SOURCE MATERIAL -
# # #

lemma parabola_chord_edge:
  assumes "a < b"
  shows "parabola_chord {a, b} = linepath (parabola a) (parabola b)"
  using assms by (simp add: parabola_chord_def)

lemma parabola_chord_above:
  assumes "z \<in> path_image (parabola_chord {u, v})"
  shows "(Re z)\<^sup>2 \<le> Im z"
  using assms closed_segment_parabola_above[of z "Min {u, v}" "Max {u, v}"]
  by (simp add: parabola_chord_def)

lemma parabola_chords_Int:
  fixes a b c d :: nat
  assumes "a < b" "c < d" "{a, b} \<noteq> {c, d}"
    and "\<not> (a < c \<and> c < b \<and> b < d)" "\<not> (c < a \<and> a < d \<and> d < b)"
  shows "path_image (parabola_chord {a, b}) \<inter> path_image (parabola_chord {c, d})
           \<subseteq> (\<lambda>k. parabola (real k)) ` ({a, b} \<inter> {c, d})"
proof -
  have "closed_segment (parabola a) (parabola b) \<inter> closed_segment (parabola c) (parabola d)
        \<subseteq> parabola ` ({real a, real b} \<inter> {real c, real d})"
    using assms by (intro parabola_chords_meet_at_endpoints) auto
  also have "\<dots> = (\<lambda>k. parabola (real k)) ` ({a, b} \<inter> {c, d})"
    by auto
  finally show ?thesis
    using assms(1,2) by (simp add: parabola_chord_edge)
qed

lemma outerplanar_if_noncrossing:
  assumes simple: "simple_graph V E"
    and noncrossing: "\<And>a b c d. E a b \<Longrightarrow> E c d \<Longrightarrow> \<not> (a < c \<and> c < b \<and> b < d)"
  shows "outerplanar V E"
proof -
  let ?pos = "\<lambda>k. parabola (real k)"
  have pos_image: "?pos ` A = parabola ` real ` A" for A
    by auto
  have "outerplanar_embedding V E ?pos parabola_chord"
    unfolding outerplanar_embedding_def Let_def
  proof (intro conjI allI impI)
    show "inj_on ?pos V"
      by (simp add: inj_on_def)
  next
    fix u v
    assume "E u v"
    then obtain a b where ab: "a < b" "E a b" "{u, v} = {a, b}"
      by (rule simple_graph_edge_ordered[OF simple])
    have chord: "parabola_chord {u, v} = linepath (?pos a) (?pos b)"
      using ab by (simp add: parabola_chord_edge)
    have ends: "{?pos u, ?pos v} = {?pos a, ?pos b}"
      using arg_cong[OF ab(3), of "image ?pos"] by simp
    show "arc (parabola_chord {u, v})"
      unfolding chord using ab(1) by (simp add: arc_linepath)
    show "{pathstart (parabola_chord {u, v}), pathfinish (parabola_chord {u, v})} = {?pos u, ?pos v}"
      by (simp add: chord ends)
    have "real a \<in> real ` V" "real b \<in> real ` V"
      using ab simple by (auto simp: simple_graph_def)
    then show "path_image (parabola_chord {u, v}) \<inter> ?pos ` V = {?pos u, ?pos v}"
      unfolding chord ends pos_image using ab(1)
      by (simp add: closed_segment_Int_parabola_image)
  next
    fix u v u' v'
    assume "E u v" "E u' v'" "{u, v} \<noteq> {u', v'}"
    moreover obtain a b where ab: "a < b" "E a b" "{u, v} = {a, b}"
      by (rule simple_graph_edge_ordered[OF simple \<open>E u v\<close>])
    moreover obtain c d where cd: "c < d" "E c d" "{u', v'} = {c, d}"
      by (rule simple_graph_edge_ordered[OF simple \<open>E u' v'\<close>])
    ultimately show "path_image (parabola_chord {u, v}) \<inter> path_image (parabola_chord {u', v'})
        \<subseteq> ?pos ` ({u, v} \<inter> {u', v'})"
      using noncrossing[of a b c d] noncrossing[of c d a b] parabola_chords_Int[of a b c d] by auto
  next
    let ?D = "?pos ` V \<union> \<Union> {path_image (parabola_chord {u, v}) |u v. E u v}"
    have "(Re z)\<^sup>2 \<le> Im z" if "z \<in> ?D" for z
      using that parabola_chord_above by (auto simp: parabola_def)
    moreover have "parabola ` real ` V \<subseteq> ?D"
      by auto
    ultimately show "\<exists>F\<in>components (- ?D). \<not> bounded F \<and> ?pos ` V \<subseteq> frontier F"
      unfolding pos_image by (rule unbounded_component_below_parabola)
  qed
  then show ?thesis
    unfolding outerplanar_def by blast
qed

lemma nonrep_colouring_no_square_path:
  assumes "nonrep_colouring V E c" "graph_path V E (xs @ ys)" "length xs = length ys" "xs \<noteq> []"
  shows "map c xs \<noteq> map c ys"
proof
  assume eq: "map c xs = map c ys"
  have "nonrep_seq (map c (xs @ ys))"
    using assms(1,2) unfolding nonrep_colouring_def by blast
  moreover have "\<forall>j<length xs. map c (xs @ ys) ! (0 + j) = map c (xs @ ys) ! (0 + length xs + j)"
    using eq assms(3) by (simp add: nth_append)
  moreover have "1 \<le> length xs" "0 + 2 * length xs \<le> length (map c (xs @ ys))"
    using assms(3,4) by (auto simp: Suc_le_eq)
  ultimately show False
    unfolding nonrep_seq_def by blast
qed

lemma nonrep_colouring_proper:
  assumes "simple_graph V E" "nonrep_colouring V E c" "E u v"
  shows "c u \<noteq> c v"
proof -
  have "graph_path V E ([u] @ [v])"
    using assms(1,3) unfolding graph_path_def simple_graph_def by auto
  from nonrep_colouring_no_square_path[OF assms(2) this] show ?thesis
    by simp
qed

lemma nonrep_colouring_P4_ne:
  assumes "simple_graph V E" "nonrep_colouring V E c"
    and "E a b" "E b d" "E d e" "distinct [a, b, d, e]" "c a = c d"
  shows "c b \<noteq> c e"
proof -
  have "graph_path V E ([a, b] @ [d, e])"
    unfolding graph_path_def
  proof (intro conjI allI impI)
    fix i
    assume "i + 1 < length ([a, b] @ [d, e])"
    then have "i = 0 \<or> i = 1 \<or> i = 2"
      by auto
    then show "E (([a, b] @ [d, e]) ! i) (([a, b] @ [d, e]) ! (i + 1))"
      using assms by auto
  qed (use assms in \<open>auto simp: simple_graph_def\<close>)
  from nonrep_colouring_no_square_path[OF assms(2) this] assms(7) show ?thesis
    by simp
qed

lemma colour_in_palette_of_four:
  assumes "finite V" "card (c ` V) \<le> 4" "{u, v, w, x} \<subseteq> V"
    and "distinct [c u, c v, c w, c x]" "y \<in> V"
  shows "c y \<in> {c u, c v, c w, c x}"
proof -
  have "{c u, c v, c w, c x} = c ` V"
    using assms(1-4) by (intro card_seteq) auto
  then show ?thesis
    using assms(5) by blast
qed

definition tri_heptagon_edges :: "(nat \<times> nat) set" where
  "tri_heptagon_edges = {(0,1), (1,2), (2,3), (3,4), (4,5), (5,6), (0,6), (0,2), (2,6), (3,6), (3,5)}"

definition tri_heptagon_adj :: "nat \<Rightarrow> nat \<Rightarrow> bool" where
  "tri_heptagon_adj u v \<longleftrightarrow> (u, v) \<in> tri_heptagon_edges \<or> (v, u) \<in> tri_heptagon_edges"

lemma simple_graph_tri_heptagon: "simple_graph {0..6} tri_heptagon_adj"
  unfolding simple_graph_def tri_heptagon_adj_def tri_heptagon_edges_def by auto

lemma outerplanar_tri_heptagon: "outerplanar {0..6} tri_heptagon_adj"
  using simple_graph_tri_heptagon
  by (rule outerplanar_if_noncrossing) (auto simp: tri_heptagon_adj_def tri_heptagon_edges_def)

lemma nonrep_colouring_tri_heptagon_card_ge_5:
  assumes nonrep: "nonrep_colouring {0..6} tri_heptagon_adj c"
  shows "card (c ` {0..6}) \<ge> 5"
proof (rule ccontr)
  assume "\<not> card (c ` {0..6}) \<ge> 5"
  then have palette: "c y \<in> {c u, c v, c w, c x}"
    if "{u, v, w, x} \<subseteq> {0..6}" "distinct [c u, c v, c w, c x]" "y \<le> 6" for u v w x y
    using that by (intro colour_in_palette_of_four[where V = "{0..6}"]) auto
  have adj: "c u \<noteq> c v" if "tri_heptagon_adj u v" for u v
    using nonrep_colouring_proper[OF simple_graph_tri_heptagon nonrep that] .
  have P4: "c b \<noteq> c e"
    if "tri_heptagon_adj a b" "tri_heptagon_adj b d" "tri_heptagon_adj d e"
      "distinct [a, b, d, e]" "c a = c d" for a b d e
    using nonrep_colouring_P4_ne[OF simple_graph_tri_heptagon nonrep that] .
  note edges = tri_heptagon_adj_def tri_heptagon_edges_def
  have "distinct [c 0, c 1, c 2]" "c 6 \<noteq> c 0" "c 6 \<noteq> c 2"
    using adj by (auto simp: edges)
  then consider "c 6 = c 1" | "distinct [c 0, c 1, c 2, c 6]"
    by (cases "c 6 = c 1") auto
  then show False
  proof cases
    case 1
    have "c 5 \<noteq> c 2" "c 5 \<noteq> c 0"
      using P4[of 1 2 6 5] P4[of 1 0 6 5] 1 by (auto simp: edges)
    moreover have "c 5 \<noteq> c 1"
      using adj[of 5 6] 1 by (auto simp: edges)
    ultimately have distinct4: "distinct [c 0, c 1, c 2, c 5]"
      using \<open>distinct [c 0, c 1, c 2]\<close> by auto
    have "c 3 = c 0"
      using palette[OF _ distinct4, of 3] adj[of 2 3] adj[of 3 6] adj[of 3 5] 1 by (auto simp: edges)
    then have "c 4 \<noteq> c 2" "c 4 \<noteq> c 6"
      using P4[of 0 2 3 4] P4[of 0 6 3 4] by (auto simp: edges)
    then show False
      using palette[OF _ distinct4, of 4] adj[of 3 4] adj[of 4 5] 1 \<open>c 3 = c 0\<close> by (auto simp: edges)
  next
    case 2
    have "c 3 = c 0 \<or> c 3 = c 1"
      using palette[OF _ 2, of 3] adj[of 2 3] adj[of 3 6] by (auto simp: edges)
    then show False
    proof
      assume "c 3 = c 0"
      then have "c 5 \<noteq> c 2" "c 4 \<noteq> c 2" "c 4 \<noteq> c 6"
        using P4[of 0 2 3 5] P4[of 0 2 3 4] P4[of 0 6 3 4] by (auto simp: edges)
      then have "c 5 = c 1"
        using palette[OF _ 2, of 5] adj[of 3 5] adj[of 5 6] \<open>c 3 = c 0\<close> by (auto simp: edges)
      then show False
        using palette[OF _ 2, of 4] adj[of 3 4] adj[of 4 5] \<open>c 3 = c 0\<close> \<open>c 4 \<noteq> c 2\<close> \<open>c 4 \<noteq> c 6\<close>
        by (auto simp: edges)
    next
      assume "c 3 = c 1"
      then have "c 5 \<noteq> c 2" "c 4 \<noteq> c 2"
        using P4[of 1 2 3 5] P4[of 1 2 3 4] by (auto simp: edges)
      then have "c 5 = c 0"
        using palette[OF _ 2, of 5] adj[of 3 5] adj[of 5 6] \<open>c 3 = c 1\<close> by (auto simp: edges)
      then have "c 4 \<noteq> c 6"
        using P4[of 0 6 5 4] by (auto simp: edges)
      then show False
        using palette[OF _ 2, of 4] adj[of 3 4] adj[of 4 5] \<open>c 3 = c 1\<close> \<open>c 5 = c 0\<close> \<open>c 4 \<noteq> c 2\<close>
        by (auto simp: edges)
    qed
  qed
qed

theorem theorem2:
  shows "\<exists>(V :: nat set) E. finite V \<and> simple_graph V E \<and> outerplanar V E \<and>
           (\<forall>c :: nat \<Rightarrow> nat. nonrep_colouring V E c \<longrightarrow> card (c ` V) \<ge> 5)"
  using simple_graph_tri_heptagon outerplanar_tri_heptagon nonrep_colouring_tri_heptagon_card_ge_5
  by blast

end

# # #

TASK GOAL -
Nothing but lines that contain "forall" should appear in the answer. Copy each from the records.

RESPONSE FOR THIS EXERCISE -
  moreover have "\<forall>j<length xs. map c (xs @ ys) ! (0 + j) = map c (xs @ ys) ! (0 + length xs + j)"
           (\<forall>c :: nat \<Rightarrow> nat. nonrep_colouring V E c \<longrightarrow> card (c ` V) \<ge> 5)"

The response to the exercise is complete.